Wyatt-Turner followed the pointing finger. Less than two miles away, about five hundred feet below, a pair of headlamps were flashing regularly on and off, once every two seconds. With a conscious effort of will he looked away and glanced briefly at Carpenter, but almost at once was back on the flashing headlamps. He stared at them hypnotically and shook his head in slow and total disbelief.

Schaffer had the headlights switched on main beam, illuminating the runway, and the post-bus engine running as the black squat shape of the Mosquito, air-brakes fully extended, lined up for its approach to the runway, and had the bus itself moving, accelerating quickly through the gears, as the Mosquito sank down over the top of the bus and settled down beautifully without the slightest suspicion of a bounce. Within a minute Schaffer brought the bus to a skidding halt only yards from the now stationary plane. Half a minute later, with all five of them safely inside the plane, Carpenter had the Mosquito turned through 180° and was standing hard on the brakes as he brought the engines up to maximum revolutions. And then they were on their way, gathering speed so rapidly that they were air-borne two hundred yards before the end of the runway. For the first mile of their climb Carpenter kept the plane heading almost directly towards the blazing castle that now redly illuminated the entire valley, then the funeral pyre of the Schloss Adler vanished for the last time as the Mosquito banked and headed for the north-west and home.

Wing Commander Carpenter took the Mosquito up to five thousand feet and kept it there. The time for dodging around among the bushes was past for, on the outward journey, Carpenter had been concerned only that no German station pick him up long enough to form even a rough guess as to where he was going. But now he didn't care if every radar station in the country knew where he was going: he was going home to England, mission accomplished, and there wasn't a warplane in Europe that could catch him. Wing Commander Carpenter pulled luxuriously at his evil-smelling briar. He was well content.
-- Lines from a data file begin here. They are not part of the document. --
lemma plant_sol_subset: "plant_sol f u I x \<Longrightarrow> J \<subseteq> I \<Longrightarrow> plant_sol f u J x"
  unfolding plant_sol_def by (meson has_vector_derivative_within_subset subsetD)

lemma plant_sol_continuous_on: "plant_sol f u I x \<Longrightarrow> continuous_on I x"
  unfolding plant_sol_def continuous_on_eq_continuous_within
  by (auto dest: has_vector_derivative_continuous)

lemma plant_sol_shift:
  assumes "plant_sol f u {0..} x" "0 \<le> t0"
  shows "plant_sol f (\<lambda>s. u (t0 + s)) {0..} (\<lambda>s. x (t0 + s))"
  unfolding plant_sol_def
proof
  fix s :: real assume s: "s \<in> {0..}"
  have "(x has_vector_derivative f (x (t0 + s)) (u (t0 + s))) (at (t0 + s) within {0..})"
    using assms s unfolding plant_sol_def by auto
  then have "(x has_vector_derivative f (x (t0 + s)) (u (t0 + s))) (at (t0 + s) within (+) t0 ` {0..})"
    by (rule has_vector_derivative_within_subset) (use assms in auto)
  moreover have "((+) t0 has_vector_derivative 1) (at s within {0..})"
    by (auto intro!: derivative_eq_intros)
  ultimately show "((\<lambda>s. x (t0 + s)) has_vector_derivative f (x (t0 + s)) (u (t0 + s))) (at s within {0..})"
    using vector_diff_chain_within[of "(+) t0" 1 s "{0..}" x] by (simp add: o_def)
qed

lemma plant_sol_deviation_strict:
  fixes y \<xi> :: "real \<Rightarrow> 'a::real_normed_vector"
  assumes L: "0 < L" and \<eta>: "0 \<le> \<eta>" and \<epsilon>: "0 < \<epsilon>"
    and lip: "\<And>p q w1 w2. norm p \<le> R \<Longrightarrow> norm q \<le> R \<Longrightarrow> w1 \<in> W \<Longrightarrow> w2 \<in> W \<Longrightarrow>
        norm (F p w1 - F q w2) \<le> L * (norm (p - q) + \<bar>w1 - w2\<bar>)"
    and y: "plant_sol F u {0..S} y" and \<xi>: "plant_sol F v {0..S} \<xi>"
    and \<xi>_inside: "\<forall>t\<in>{0..S}. norm (\<xi> t) \<le> R - 1 \<and> v t \<in> W"
    and u_close: "\<forall>t\<in>{0..S}. (\<forall>s\<in>{0..t}. norm (y s) \<le> R) \<longrightarrow> \<bar>u t - v t\<bar> \<le> \<eta> \<and> u t \<in> W"
    and y0: "norm (y 0 - \<xi> 0) \<le> d"
    and small: "(d + \<epsilon> + (L * \<eta> + \<epsilon>) * S) * exp (L * S) < 1"
  shows "\<forall>t\<in>{0..S}. norm (y t - \<xi> t) < (d + \<epsilon> + (L * \<eta> + \<epsilon>) * t) * exp (L * t)"
proof -
  define B where "B t = (d + \<epsilon> + (L * \<eta> + \<epsilon>) * t) * exp (L * t)" for t
  have B_lt_1: "B t < 1" if "t \<in> {0..S}" for t
  proof -
    have "0 \<le> d" using y0 norm_ge_zero order_trans by blast
    then have "B t \<le> (d + \<epsilon> + (L * \<eta> + \<epsilon>) * S) * exp (L * S)"
      unfolding B_def using that L \<eta> \<epsilon> by (intro mult_mono add_left_mono) auto
    then show ?thesis using small by simp
  qed
  have "\<forall>t\<in>{0..S}. B t - norm (y t - \<xi> t) > 0"
  proof (rule pos_on_Icc_unless_first_zero)
    show "continuous_on {0..S} (\<lambda>t. B t - norm (y t - \<xi> t))"
      unfolding B_def
      by (intro continuous_intros plant_sol_continuous_on[OF y] plant_sol_continuous_on[OF \<xi>])
    show "B 0 - norm (y 0 - \<xi> 0) > 0" using y0 \<epsilon> by (simp add: B_def)
  next
    fix \<tau> assume \<tau>: "0 < \<tau>" "\<tau> \<le> S" and below: "\<forall>s\<in>{0..<\<tau>}. B s - norm (y s - \<xi> s) > 0"
      and touch: "B \<tau> - norm (y \<tau> - \<xi> \<tau>) = 0"
    have \<tau>S: "\<tau> \<in> {0..S}" using \<tau> by auto
    have y_inside: "\<forall>s\<in>{0..\<tau>}. norm (y s) \<le> R"
    proof
      fix s assume s: "s \<in> {0..\<tau>}"
      then have "norm (y s - \<xi> s) \<le> B s" using below touch by (cases "s < \<tau>") force+
      moreover have "B s < 1" "norm (\<xi> s) \<le> R - 1" using B_lt_1 \<xi>_inside s \<tau> by auto
      ultimately show "norm (y s) \<le> R" using norm_triangle_sub[of "y s" "\<xi> s"] by linarith
    qed
    then have uv: "\<bar>u \<tau> - v \<tau>\<bar> \<le> \<eta>" "u \<tau> \<in> W" using u_close \<tau>S by auto
    define D where "D = F (y \<tau>) (u \<tau>) - F (\<xi> \<tau>) (v \<tau>)"
    have "norm (\<xi> \<tau>) \<le> R - 1" "v \<tau> \<in> W" using \<xi>_inside \<tau>S by auto
    moreover have "norm (y \<tau>) \<le> R" using y_inside \<tau> by auto
    ultimately have "norm (y \<tau>) \<le> R" "norm (\<xi> \<tau>) \<le> R" "v \<tau> \<in> W" by auto
    then have "norm D \<le> L * (norm (y \<tau> - \<xi> \<tau>) + \<bar>u \<tau> - v \<tau>\<bar>)"
      unfolding D_def using lip uv(2) by blast
    also have "\<dots> \<le> L * B \<tau> + L * \<eta>" using uv touch L by (simp add: algebra_simps)
    also have "\<dots> < (L * \<eta> + \<epsilon>) * exp (L * \<tau>) + B \<tau> * L"
    proof -
      have "(L * \<eta> + \<epsilon>) * 1 \<le> (L * \<eta> + \<epsilon>) * exp (L * \<tau>)"
        using L \<eta> \<epsilon> \<tau> by (intro mult_left_mono) auto
      then show ?thesis using \<epsilon> by (simp add: algebra_simps)
    qed
    finally have faster: "norm D < (L * \<eta> + \<epsilon>) * exp (L * \<tau>) + B \<tau> * L" .
    show False
    proof (rule norm_not_reaching_faster_barrier[OF _ _ \<tau> _ _ faster])
      show "((\<lambda>t. y t - \<xi> t) has_vector_derivative D) (at \<tau> within {0..S})"
        using y \<xi> \<tau>S unfolding plant_sol_def D_def by (intro has_vector_derivative_diff) auto
      show "(B has_real_derivative (L * \<eta> + \<epsilon>) * exp (L * \<tau>) + B \<tau> * L) (at \<tau> within {0..S})"
        unfolding B_def by (auto intro!: derivative_eq_intros)
      show "\<forall>s\<in>{0..<\<tau>}. norm (y s - \<xi> s) < B s" "norm (y \<tau> - \<xi> \<tau>) = B \<tau>"
        using below touch by auto
    qed
  qed
  then show ?thesis unfolding B_def by auto
qed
His five newly-acquired passengers were, perhaps, a fraction less content. They lacked Carpenter's well-upholstered pilot's seat. The interior of the Mosquito made no concessions whatsoever to passenger comfort. It was bleak, icy, cramped—it didn't require much space to carry a 4,000 lb. bomb load, the Mosquito's maximum—and totally devoid of seating in any form. The three men and the two girls squatted uncomfortably on thin palliasses, the expressions on their faces pretty accurately reflecting their acute discomfort. Colonel Wyatt-Turner, still holding across his knees the Sten gun he'd had at the ready in case any trouble had developed on the ground or the flashing lights of the truck had been a German ruse, was sitting sideways in the co-pilot's seat so that he could see and talk to the pilot and the passengers at the same time. He had accepted without question or apparent interest Smith's brief explanation of the two girls' presence as being necessary to escape Gestapo vengeance. Colonel Wyatt-Turner had other and weightier matters on his mind.